Only the lines below, from the one with "psi0) = clock_ket" through the one with "(* If a structure", are to be written out, exactly.
===== Exercise input =====
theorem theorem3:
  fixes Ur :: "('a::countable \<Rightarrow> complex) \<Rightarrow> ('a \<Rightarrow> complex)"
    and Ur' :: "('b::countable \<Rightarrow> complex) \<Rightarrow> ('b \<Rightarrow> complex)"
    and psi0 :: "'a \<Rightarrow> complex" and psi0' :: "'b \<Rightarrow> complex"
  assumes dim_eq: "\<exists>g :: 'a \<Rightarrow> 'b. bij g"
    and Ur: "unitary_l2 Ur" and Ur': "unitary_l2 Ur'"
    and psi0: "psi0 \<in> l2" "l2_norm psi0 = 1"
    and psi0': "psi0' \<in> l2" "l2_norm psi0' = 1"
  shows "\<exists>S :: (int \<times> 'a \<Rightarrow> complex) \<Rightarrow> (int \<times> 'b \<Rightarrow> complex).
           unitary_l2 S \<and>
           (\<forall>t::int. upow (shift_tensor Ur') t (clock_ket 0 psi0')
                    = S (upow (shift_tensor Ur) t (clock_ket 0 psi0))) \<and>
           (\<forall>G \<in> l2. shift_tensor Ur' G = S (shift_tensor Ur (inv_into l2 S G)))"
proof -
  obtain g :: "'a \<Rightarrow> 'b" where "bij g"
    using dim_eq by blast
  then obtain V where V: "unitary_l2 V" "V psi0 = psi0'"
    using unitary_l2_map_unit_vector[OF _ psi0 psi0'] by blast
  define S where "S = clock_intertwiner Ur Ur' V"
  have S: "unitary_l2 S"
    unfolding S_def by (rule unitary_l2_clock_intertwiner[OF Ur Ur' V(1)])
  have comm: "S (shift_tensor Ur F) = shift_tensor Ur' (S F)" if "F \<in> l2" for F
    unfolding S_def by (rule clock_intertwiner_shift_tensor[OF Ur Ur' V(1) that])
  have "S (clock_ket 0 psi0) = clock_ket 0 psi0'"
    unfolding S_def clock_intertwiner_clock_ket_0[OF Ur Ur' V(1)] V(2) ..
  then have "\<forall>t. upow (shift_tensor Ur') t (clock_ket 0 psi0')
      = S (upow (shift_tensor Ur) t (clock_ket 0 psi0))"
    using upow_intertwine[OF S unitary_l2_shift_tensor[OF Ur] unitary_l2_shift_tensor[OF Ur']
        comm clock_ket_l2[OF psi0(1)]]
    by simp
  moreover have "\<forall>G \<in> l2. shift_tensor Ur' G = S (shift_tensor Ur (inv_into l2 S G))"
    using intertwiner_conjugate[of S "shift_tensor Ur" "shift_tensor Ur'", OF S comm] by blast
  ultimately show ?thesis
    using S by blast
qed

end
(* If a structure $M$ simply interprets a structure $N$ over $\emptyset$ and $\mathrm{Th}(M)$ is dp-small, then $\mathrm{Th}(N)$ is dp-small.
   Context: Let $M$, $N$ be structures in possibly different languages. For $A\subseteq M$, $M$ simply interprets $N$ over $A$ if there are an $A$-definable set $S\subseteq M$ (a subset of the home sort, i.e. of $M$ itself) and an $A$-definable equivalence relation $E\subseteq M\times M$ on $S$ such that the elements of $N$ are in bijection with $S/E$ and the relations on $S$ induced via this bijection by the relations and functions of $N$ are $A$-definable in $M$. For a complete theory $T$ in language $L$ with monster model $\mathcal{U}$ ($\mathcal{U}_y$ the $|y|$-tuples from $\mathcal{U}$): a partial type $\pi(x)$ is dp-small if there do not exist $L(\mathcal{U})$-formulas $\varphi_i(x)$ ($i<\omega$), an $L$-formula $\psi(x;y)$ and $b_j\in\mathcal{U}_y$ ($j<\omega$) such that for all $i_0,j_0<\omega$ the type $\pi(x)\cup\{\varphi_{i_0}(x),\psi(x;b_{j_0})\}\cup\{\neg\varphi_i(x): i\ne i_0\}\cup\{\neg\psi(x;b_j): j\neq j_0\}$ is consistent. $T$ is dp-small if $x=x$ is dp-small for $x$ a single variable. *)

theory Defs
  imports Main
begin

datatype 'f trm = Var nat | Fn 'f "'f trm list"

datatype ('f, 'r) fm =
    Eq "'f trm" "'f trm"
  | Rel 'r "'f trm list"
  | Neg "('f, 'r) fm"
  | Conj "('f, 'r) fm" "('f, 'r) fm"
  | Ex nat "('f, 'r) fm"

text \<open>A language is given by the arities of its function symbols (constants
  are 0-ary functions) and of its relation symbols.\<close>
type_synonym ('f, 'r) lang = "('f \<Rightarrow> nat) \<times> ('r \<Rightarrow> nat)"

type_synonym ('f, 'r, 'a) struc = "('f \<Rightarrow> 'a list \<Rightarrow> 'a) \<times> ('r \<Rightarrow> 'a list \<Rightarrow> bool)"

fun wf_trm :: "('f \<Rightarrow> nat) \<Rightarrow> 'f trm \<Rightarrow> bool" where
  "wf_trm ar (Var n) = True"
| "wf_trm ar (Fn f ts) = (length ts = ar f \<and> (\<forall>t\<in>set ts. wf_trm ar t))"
=====
[Worked solution]
  have "S (clock_ket 0 psi0) = clock_ket 0 psi0'"
    unfolding S_def clock_intertwiner_clock_ket_0[OF Ur Ur' V(1)] V(2) ..
  then have "\<forall>t. upow (shift_tensor Ur') t (clock_ket 0 psi0')
      = S (upow (shift_tensor Ur) t (clock_ket 0 psi0))"
    using upow_intertwine[OF S unitary_l2_shift_tensor[OF Ur] unitary_l2_shift_tensor[OF Ur']
        comm clock_ket_l2[OF psi0(1)]]
    by simp
  moreover have "\<forall>G \<in> l2. shift_tensor Ur' G = S (shift_tensor Ur (inv_into l2 S G))"
    using intertwiner_conjugate[of S "shift_tensor Ur" "shift_tensor Ur'", OF S comm] by blast
  ultimately show ?thesis
    using S by blast
qed

end
(* If a structure $M$ simply interprets a structure $N$ over $\emptyset$ and $\mathrm{Th}(M)$ is dp-small, then $\mathrm{Th}(N)$ is dp-small.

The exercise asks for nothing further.